With the two format providing obviously different benefits, I would seem that the "best" solution may be to support both format, including adding range request support for FlatGeobuf. That would take a bit of work though.

Thanks @emilhe for the feedback. I figured you dropped geobuf because the python package doesn't really seem to be actively maintained, but since I am very ignorant of JS development I didn't know about the JS issues (which is totally understandable).
I do see your point related to file size. Is it possible in your example use case when the entire data chunk is sent to leaflet to compress the flatgeobuf file during transfer (using zstd for example)? I'm guessing it would only make a significant difference in larger polygons, but you probably have a better feel for this than me.
Nevertheless, thank again for all your hard work on this. I use dash-leaflet a lot and I'm usually pushing it capabilities pretty hard ;)

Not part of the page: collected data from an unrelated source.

text \<open>Right translation \<open>q \<mapsto> q \<cdot> p\<close> is continuous, so it maps closed (compact) sets of
  ultrafilters to closed sets.\<close>
lemma right_translate_closed:
  assumes p: "ultrafilter p" and K: "\<forall>q\<in>K. ultrafilter q" "ultra_closed K"
  shows "ultra_closed ((\<lambda>q. convol f q p) ` K)"
  unfolding ultra_closed_def
proof (intro allI impI)
  fix u assume u: "ultrafilter u" "\<Inter>((\<lambda>q. convol f q p) ` K) \<subseteq> u"
  then obtain q where q: "ultrafilter q" "\<Inter>K \<subseteq> q" "u \<subseteq> convol f q p"
    using right_translate_preimage[OF p K(1)] by blast
  have "q \<in> K" using ultra_closedD[OF K(2) q(1,2)] .
  moreover have "u = convol f q p"
    using ultrafilter_subset_eq[OF u(1) convol_ultrafilter[OF q(1) p] q(3)] .
  ultimately show "u \<in> (\<lambda>q. convol f q p) ` K" by blast
qed

lemma stabilizer_closed:
  assumes p: "ultrafilter p" and K: "ultra_closed K"
  shows "ultra_closed {q \<in> K. convol f q p = p}"
  unfolding ultra_closed_def
proof (intro allI impI)
  let ?T = "{q \<in> K. convol f q p = p}"
  fix u assume u: "ultrafilter u" "\<Inter>?T \<subseteq> u"
  have "\<Inter>K \<subseteq> u" using u(2) by blast
  then have "u \<in> K" using ultra_closedD[OF K u(1)] by blast
  moreover have "p \<subseteq> convol f u p"
  proof
    fix A assume "A \<in> p"
    then have "return_set f p A \<in> \<Inter>?T" by (auto simp: convol_iff)
    then show "A \<in> convol f u p" using u(2) by (auto simp: convol_iff)
  qed
  then have "p = convol f u p" by (rule ultrafilter_subset_eq[OF p convol_ultrafilter[OF u(1) p]])
  ultimately show "u \<in> ?T" by simp
qed

lemma ellis:
  assumes f: "semigroup f"
    and H: "H \<noteq> {}" "\<forall>p\<in>H. ultrafilter p" "ultra_closed H" "convol_closed f H"
  shows "\<exists>p\<in>H. convol f p p = p"
proof -
  obtain K where K: "K \<subseteq> H" "K \<noteq> {}" "ultra_closed K" "convol_closed f K"
    and minimal: "\<And>M. M \<subseteq> K \<Longrightarrow> M \<noteq> {} \<Longrightarrow> ultra_closed M \<Longrightarrow> convol_closed f M \<Longrightarrow> M = K"
    using minimal_closed_subsemigroup[OF H] by blast
  have Kult: "\<forall>q\<in>K. ultrafilter q" using K(1) H(2) by blast
  have Kmul: "convol f q r \<in> K" if "q \<in> K" "r \<in> K" for q r
    using K(4) that unfolding convol_closed_def by blast
  obtain p where p: "p \<in> K" using K(2) by blast
  have pu: "ultrafilter p" using Kult p by blast
  have "(\<lambda>q. convol f q p) ` K = K"
  proof (rule minimal)
    show "(\<lambda>q. convol f q p) ` K \<subseteq> K" using Kmul p by blast
    show "(\<lambda>q. convol f q p) ` K \<noteq> {}" using p by blast
    show "ultra_closed ((\<lambda>q. convol f q p) ` K)" by (rule right_translate_closed[OF pu Kult K(3)])
    show "convol_closed f ((\<lambda>q. convol f q p) ` K)"
      unfolding convol_closed_def
    proof (intro ballI)
      fix a b assume "a \<in> (\<lambda>q. convol f q p) ` K" "b \<in> (\<lambda>q. convol f q p) ` K"
      then obtain q1 q2 where q: "q1 \<in> K" "q2 \<in> K" "a = convol f q1 p" "b = convol f q2 p" by blast
      then have "convol f a b = convol f (convol f a q2) p" by (simp add: convol_assoc[OF f])
      moreover have "convol f a q2 \<in> K" using q Kmul p by simp
      ultimately show "convol f a b \<in> (\<lambda>q. convol f q p) ` K" by blast
    qed
  qed
  then obtain q0 where q0: "q0 \<in> K" "convol f q0 p = p" using p by (metis imageE)
  have "{q \<in> K. convol f q p = p} = K"
  proof (rule minimal)
    show "{q \<in> K. convol f q p = p} \<noteq> {}" using q0 by blast
    show "ultra_closed {q \<in> K. convol f q p = p}" by (rule stabilizer_closed[OF pu K(3)])
    show "convol_closed f {q \<in> K. convol f q p = p}"
      unfolding convol_closed_def
    proof (intro ballI)
      fix a b assume a: "a \<in> {q \<in> K. convol f q p = p}" and b: "b \<in> {q \<in> K. convol f q p = p}"
      then have "convol f (convol f a b) p = p" by (simp add: convol_assoc[OF f])
      then show "convol f a b \<in> {q \<in> K. convol f q p = p}" using a b Kmul by blast
    qed
  qed blast
  then show ?thesis using p K(1) by blast
qed

definition star_closed :: "('a \<Rightarrow> 'a \<Rightarrow> 'a) \<Rightarrow> 'a set set \<Rightarrow> 'a set \<Rightarrow> bool" where
  "star_closed f p C \<longleftrightarrow> C \<in> p \<and> (\<forall>x\<in>C. shift f C x \<in> p)"

lemma star_closed_subset:
  assumes f: "semigroup f" and p: "ultrafilter p" "convol f p p = p" and A: "A \<in> p"
  shows "star_closed f p (A \<inter> return_set f p A)"
proof -
  have large: "return_set f p B \<in> p" if "B \<in> p" for B
    using that p(2) convol_iff[of B f p p] by simp
  have "shift f (A \<inter> return_set f p A) x \<in> p" if "x \<in> A \<inter> return_set f p A" for x
  proof -
    have "shift f A x \<in> p" using that unfolding return_set_def by blast
    then show ?thesis
      using large ultrafilter_Int[OF p(1)] by (simp add: shift_Int shift_return_set[OF f])
  qed
  then show ?thesis using A large ultrafilter_Int[OF p(1)] unfolding star_closed_def by blast
qed

lemma star_closed_step:
  assumes f: "semigroup f" and p: "ultrafilter p" and C: "star_closed f p C" and x: "x \<in> C"
  shows "star_closed f p (C \<inter> shift f C x)"
proof -
  have shifts: "shift f C y \<in> p" if "y \<in> C" for y
    using C that unfolding star_closed_def by blast
  have "shift f (C \<inter> shift f C x) y \<in> p" if y: "y \<in> C \<inter> shift f C x" for y
  proof -
    have "f x y \<in> C" using y unfolding shift_def by blast
    then show ?thesis
      using shifts y ultrafilter_Int[OF p] by (simp add: shift_Int shift_shift[OF f])
  qed
  moreover have "C \<inter> shift f C x \<in> p"
    using C x shifts ultrafilter_Int[OF p] unfolding star_closed_def by blast
  ultimately show ?thesis unfolding star_closed_def by blast
qed

definition avoiding :: "'a set set \<Rightarrow> 'a set \<Rightarrow> 'a set set" where
  "avoiding S K = {x \<in> S. x \<noteq> {} \<and> x \<inter> K = {}}"

lemma avoiding_Un: "avoiding S K \<inter> avoiding S L = avoiding S (K \<union> L)"
  unfolding avoiding_def by auto

text \<open>An IP set has members avoiding any finite set: only finitely many members of its infinite
  disjoint subfamily can meet \<open>K\<close>.\<close>
lemma avoiding_nonempty:
  assumes "IP_set S" "finite K" shows "avoiding S K \<noteq> {}"
proof -
  have "\<exists>F. F \<subseteq> S \<and> infinite F \<and> (\<forall>A\<in>F. \<forall>B\<in>F. A \<noteq> B \<longrightarrow> A \<inter> B = {})"
    using assms(1) unfolding IP_set_def by (elim conjE)
  then obtain F where F: "F \<subseteq> S" "infinite F" "\<forall>A\<in>F. \<forall>B\<in>F. A \<noteq> B \<longrightarrow> A \<inter> B = {}"
    by blast
  have "disjoint_family_on id (F - {{}})"
    using F(3) unfolding disjoint_family_on_def by auto
  moreover have "infinite (F - {{}})" using F(2) by simp
  ultimately obtain x where "x \<in> F - {{}}" "disjnt K x"
    using disjoint_family_elem_disjnt[of "F - {{}}" K id] assms(2) by auto
  then have "x \<in> avoiding S K" using F(1) unfolding avoiding_def disjnt_def by blast
  then show ?thesis by blast
qed

text \<open>Every IP set carries an idempotent ultrafilter (for union) containing all its avoiding
  families: these ultrafilters form a nonempty closed subsemigroup.\<close>
lemma idempotent_avoiding:
  assumes S: "IP_set S"
  shows "\<exists>p. ultrafilter p \<and> convol (\<union>) p p = p \<and> (\<forall>K. finite K \<longrightarrow> avoiding S K \<in> p)"
proof -
  have Sun: "A \<union> B \<in> S" if "A \<in> S" "B \<in> S" for A B
    using S that unfolding IP_set_def by blast
  let ?H = "{p. ultrafilter p \<and> (\<forall>K. finite K \<longrightarrow> avoiding S K \<in> p)}"
  have "\<exists>p\<in>?H. convol (\<union>) p p = p"
  proof (rule ellis[OF sup.semigroup_axioms])
    let ?X = "{avoiding S K | K. finite K}"
    have "{} \<notin> ?X" using avoiding_nonempty[OF S] by auto
    moreover have "A \<inter> B \<in> ?X" if AB: "A \<in> ?X" "B \<in> ?X" for A B
    proof -
      obtain K L where "finite K" "finite L" "A = avoiding S K" "B = avoiding S L" using AB by blast
      then have "finite (K \<union> L)" "A \<inter> B = avoiding S (K \<union> L)" by (simp_all add: avoiding_Un)
      then show ?thesis by blast
    qed
    ultimately have "\<exists>u. ultrafilter u \<and> ?X \<subseteq> u" by (rule ultrafilter_extend)
    then obtain u where "ultrafilter u" "?X \<subseteq> u" by blast
    then have "u \<in> ?H" by blast
    then show "?H \<noteq> {}" by blast
    show "\<forall>p\<in>?H. ultrafilter p" by blast
    show "ultra_closed ?H"
      unfolding ultra_closed_def
    proof (intro allI impI)
      fix u assume u: "ultrafilter u" "\<Inter>?H \<subseteq> u"
      have "avoiding S K \<in> u" if "finite K" for K
        using u(2) that by blast
      then show "u \<in> ?H" using u(1) by blast
    qed
    show "convol_closed (\<union>) ?H"
      unfolding convol_closed_def
    proof (intro ballI)
      fix p q assume pq: "p \<in> ?H" "q \<in> ?H"
      have "avoiding S K \<in> convol (\<union>) p q" if K: "finite K" for K
      proof -
        have p: "ultrafilter p" "avoiding S K \<in> p" and q: "ultrafilter q" "avoiding S K \<in> q"
          using pq K by auto
        have "avoiding S K \<subseteq> shift (\<union>) (avoiding S K) x" if "x \<in> avoiding S K" for x
          using that Sun unfolding avoiding_def shift_def by auto
        then have "avoiding S K \<subseteq> return_set (\<union>) q (avoiding S K)"
          using ultrafilter_mono[OF q(1) q(2)] unfolding return_set_def by blast
        then have "return_set (\<union>) q (avoiding S K) \<in> p" by (rule ultrafilter_mono[OF p])
        then show ?thesis by (simp add: convol_iff)
      qed
      moreover have "ultrafilter (convol (\<union>) p q)" using pq convol_ultrafilter by blast
      ultimately show "convol (\<union>) p q \<in> ?H" by blast
    qed
  qed
  then show ?thesis by blast
qed

definition FU :: "(nat \<Rightarrow> 'a set) \<Rightarrow> nat set \<Rightarrow> 'a set set" where
  "FU xs J = {\<Union>(xs ` I) | I. finite I \<and> I \<noteq> {} \<and> I \<subseteq> J}"

lemma FU_iff: "X \<in> FU xs J \<longleftrightarrow> (\<exists>I. finite I \<and> I \<noteq> {} \<and> I \<subseteq> J \<and> X = \<Union>(xs ` I))"
  unfolding FU_def by blast

lemma FU_mono: "J \<subseteq> L \<Longrightarrow> FU xs J \<subseteq> FU xs L"
  unfolding FU_def by blast

lemma FU_singleton: "j \<in> J \<Longrightarrow> xs j \<in> FU xs J"
  unfolding FU_iff by (intro exI[of _ "{j}"]) simp

lemma FU_insert:
  assumes "X \<in> FU xs J" shows "xs j \<union> X \<in> FU xs (insert j J)"
proof -
  obtain I where I: "finite I" "I \<noteq> {}" "I \<subseteq> J" "X = \<Union>(xs ` I)"
    using assms unfolding FU_def by blast
  then have "finite (insert j I) \<and> insert j I \<noteq> {} \<and> insert j I \<subseteq> insert j J
    \<and> xs j \<union> X = \<Union>(xs ` insert j I)" by auto
  then show ?thesis unfolding FU_def by blast
qed

lemma FU_disjoint:
  assumes "disjoint_family xs" "X \<in> FU xs J" "j \<notin> J" shows "xs j \<inter> X = {}"
proof -
  obtain I where I: "I \<subseteq> J" "X = \<Union>(xs ` I)" using assms(2) unfolding FU_iff by blast
  have "xs j \<inter> xs i = {}" if "i \<in> I" for i
  proof -
    have "i \<noteq> j" using that I(1) assms(3) by blast
    then show ?thesis using assms(1) unfolding disjoint_family_on_def by blast
  qed
  then show ?thesis unfolding I(2) by blast
qed

lemma FU_positive:
  assumes "disjoint_family xs" "X \<in> FU xs {0<..}"
  shows "X \<in> FU xs UNIV" "xs 0 \<union> X \<in> FU xs UNIV" "xs 0 \<inter> X = {}"
proof -
  show "X \<in> FU xs UNIV" using assms(2) FU_mono[of "{0<..}" UNIV xs] by blast
  show "xs 0 \<union> X \<in> FU xs UNIV"
    using FU_insert[OF assms(2), of 0] FU_mono[of "insert 0 {0<..}" UNIV xs] by blast
  show "xs 0 \<inter> X = {}" using FU_disjoint[OF assms, of 0] by simp
qed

With the considerations mentioned in this thread in mind, I have decided to keep geobuf support, and add flatgeobuf support. I have implemented both in the 1.0.8 release. I have also added an example to the docs.

@emilhe ah, i didn't realize FlatGeobuf is missing compression.
Darn.
Yes, because of that i see the logic in implementing both Geobuf and FlatGeobuf support for now.
Thanks!

You're amazing @emilhe ! And you updated the docs too! Thank you very much.
And by the way, the new docs site looks really good ;)

I was just looking at your code for the flatgeobuf implementation, and it looks like flatgeobuf will only work when passed to the GeoJSON component as a url. While geobuf (as it was in the past) can be passed as either url or data. Is this correct?
This is fine by me, I just wanted to make sure I'm understanding the capabilities/limitations.
Thanks again!

Also, I think the smaller size of geobuf is due to the coordinates being assigned a precision and converted to integers rather than any other kind of compression methods applied on the binary data. The default precision is 6 digits.

@mullenkamp Thanks! And yes, it is only supported via url, not via data (I don't see any use case for doing that). I have added a note in the docs to make that more clear.